DATA TO EXAMINE START

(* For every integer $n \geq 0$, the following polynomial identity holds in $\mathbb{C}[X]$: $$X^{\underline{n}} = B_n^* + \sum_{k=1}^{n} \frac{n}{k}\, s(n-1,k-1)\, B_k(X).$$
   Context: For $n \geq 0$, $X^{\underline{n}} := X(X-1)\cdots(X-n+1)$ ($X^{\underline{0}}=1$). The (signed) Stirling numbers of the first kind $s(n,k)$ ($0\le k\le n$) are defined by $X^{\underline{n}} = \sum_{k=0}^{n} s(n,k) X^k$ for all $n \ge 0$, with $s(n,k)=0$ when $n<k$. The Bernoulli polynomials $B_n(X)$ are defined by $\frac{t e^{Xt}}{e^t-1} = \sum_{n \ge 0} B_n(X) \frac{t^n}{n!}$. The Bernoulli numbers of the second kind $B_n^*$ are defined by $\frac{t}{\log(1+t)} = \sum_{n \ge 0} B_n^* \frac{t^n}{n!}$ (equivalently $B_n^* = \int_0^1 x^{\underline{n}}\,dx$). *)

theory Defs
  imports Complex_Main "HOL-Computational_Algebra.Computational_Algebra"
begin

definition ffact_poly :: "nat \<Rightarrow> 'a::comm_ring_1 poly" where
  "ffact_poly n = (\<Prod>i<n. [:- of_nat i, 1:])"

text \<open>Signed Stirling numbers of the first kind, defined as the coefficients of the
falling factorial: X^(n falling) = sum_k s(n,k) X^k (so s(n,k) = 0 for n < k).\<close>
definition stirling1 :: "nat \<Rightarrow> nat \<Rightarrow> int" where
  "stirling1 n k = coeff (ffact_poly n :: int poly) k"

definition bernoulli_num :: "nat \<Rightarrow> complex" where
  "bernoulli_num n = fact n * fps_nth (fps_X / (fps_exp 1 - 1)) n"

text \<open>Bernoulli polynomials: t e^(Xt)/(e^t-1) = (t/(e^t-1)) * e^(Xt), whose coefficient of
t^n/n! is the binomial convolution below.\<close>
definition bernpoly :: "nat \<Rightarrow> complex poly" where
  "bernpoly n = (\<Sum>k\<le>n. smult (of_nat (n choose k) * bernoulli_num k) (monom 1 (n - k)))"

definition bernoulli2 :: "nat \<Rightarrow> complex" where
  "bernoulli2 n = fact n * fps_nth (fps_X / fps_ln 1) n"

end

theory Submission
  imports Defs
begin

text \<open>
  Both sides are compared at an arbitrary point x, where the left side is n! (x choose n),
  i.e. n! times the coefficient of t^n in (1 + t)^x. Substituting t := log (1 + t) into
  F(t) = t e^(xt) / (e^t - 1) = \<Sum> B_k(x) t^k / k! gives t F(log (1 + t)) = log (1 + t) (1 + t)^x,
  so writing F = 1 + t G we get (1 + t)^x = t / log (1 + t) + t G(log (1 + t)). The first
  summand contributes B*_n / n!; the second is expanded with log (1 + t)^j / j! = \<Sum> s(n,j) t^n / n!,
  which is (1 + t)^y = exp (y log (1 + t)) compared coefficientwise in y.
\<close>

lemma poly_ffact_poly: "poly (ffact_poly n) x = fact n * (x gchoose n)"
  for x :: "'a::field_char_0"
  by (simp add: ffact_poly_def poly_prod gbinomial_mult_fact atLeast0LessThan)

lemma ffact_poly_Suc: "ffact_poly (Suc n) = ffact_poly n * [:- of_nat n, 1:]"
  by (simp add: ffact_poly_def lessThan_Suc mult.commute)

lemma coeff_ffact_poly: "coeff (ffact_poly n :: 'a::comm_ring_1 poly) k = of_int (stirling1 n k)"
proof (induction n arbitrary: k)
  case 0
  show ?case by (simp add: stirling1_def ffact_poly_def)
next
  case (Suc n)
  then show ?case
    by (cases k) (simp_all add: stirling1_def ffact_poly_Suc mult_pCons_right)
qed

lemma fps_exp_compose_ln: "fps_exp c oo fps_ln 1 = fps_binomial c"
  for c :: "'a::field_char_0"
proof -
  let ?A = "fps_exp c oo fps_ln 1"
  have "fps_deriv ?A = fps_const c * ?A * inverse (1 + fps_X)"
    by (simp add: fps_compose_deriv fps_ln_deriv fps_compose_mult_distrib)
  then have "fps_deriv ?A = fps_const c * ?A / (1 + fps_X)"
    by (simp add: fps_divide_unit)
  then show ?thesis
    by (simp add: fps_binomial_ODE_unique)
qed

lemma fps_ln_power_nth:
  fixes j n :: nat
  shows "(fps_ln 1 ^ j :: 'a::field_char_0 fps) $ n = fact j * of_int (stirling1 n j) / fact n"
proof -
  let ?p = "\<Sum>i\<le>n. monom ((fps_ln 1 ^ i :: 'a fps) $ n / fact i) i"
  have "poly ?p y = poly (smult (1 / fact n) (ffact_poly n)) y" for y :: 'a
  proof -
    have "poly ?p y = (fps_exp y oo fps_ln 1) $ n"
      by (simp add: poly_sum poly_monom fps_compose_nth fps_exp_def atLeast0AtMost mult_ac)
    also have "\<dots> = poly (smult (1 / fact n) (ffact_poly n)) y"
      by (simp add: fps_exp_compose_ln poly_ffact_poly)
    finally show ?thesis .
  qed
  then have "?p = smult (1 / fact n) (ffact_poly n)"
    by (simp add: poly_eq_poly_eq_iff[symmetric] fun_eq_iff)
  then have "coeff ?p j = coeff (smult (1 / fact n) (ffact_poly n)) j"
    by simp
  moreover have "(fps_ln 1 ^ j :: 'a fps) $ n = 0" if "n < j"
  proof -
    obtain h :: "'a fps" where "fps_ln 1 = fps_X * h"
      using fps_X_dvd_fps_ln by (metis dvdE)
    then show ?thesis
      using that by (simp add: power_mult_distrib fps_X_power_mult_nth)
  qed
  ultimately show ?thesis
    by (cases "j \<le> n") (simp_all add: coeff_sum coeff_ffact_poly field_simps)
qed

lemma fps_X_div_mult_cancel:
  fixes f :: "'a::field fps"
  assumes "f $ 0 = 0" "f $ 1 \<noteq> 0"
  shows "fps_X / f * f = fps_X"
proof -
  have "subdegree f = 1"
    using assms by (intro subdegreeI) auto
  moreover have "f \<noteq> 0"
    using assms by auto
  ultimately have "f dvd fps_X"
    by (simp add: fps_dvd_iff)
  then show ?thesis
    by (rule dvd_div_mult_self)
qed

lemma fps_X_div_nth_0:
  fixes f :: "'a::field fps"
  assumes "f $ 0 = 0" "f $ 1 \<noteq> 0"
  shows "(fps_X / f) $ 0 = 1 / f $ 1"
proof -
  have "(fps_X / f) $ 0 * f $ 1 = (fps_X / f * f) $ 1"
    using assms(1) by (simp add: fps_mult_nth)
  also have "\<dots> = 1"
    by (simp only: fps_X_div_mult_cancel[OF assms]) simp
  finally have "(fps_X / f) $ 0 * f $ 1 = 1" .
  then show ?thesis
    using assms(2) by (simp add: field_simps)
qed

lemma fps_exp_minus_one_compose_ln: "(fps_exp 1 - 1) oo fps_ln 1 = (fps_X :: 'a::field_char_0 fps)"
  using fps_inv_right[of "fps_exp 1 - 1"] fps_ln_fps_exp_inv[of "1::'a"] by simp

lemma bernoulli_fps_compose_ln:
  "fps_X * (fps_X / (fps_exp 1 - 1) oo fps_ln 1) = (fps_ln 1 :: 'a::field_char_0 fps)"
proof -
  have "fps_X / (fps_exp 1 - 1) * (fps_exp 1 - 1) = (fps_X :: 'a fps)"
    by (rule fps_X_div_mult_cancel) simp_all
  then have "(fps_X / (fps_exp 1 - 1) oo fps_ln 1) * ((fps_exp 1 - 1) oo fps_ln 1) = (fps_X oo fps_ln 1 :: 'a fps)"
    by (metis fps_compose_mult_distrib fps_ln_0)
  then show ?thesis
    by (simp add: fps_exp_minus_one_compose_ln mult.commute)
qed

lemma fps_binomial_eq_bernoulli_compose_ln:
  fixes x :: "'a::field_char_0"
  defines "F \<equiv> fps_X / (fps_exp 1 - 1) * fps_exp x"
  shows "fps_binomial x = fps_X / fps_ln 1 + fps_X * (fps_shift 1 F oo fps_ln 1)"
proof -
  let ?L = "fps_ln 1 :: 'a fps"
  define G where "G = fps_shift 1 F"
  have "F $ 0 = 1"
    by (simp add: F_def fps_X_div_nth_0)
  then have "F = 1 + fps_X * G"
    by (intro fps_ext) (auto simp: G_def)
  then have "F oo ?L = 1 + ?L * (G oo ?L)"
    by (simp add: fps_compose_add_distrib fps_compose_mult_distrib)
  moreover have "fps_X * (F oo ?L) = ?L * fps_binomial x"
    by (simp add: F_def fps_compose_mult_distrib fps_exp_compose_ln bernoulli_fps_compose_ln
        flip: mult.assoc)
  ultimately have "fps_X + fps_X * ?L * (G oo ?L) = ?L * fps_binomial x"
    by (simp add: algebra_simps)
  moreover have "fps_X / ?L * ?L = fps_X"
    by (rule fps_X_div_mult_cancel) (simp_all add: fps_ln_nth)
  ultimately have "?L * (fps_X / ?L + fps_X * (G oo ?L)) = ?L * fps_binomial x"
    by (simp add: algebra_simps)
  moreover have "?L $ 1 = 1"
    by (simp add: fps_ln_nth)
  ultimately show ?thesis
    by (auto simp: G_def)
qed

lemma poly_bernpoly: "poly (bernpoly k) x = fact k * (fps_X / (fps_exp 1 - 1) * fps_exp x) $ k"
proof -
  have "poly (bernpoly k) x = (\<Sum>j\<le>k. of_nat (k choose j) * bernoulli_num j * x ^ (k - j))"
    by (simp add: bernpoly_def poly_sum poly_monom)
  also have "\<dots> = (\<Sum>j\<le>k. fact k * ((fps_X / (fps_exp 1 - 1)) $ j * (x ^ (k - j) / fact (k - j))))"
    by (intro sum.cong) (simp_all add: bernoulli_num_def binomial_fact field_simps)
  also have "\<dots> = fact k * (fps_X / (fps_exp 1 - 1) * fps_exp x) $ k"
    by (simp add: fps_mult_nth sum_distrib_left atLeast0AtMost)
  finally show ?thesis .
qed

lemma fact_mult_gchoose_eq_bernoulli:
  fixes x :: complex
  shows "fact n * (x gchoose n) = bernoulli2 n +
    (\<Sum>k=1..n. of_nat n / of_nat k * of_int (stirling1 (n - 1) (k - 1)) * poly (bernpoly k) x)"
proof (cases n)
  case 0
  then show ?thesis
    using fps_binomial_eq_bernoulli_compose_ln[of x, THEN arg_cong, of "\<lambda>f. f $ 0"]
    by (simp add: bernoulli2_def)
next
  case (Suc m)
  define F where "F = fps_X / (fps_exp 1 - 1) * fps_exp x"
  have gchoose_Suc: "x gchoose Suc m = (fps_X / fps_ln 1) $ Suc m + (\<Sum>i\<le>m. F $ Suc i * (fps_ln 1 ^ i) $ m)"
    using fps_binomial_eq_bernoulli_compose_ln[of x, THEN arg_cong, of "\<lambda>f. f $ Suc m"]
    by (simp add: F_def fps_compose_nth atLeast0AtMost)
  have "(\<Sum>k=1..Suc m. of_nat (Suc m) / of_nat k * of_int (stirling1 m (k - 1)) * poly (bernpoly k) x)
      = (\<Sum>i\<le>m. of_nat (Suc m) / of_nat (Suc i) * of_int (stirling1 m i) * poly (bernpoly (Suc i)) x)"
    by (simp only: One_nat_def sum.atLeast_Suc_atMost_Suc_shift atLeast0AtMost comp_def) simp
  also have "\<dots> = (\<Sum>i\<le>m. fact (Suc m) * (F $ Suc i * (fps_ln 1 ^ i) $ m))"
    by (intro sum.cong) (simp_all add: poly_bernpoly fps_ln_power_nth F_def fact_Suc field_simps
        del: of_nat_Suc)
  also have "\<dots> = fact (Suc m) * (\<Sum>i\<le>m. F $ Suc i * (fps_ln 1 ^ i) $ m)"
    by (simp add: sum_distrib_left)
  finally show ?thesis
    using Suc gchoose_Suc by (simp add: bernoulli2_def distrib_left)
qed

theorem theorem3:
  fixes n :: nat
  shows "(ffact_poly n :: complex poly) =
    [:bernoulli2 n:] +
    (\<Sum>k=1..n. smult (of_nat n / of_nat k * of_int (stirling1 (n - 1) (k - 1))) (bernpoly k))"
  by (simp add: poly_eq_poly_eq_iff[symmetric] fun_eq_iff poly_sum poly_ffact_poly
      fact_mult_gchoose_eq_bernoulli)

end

DATA TO EXAMINE END

Search the data for the string "finally". List each line that has it.

> **ANSWER TO THIS TASK**
    finally show ?thesis .
  finally have "(fps_X / f) $ 0 * f $ 1 = 1" .
  finally show ?thesis .
  finally show ?thesis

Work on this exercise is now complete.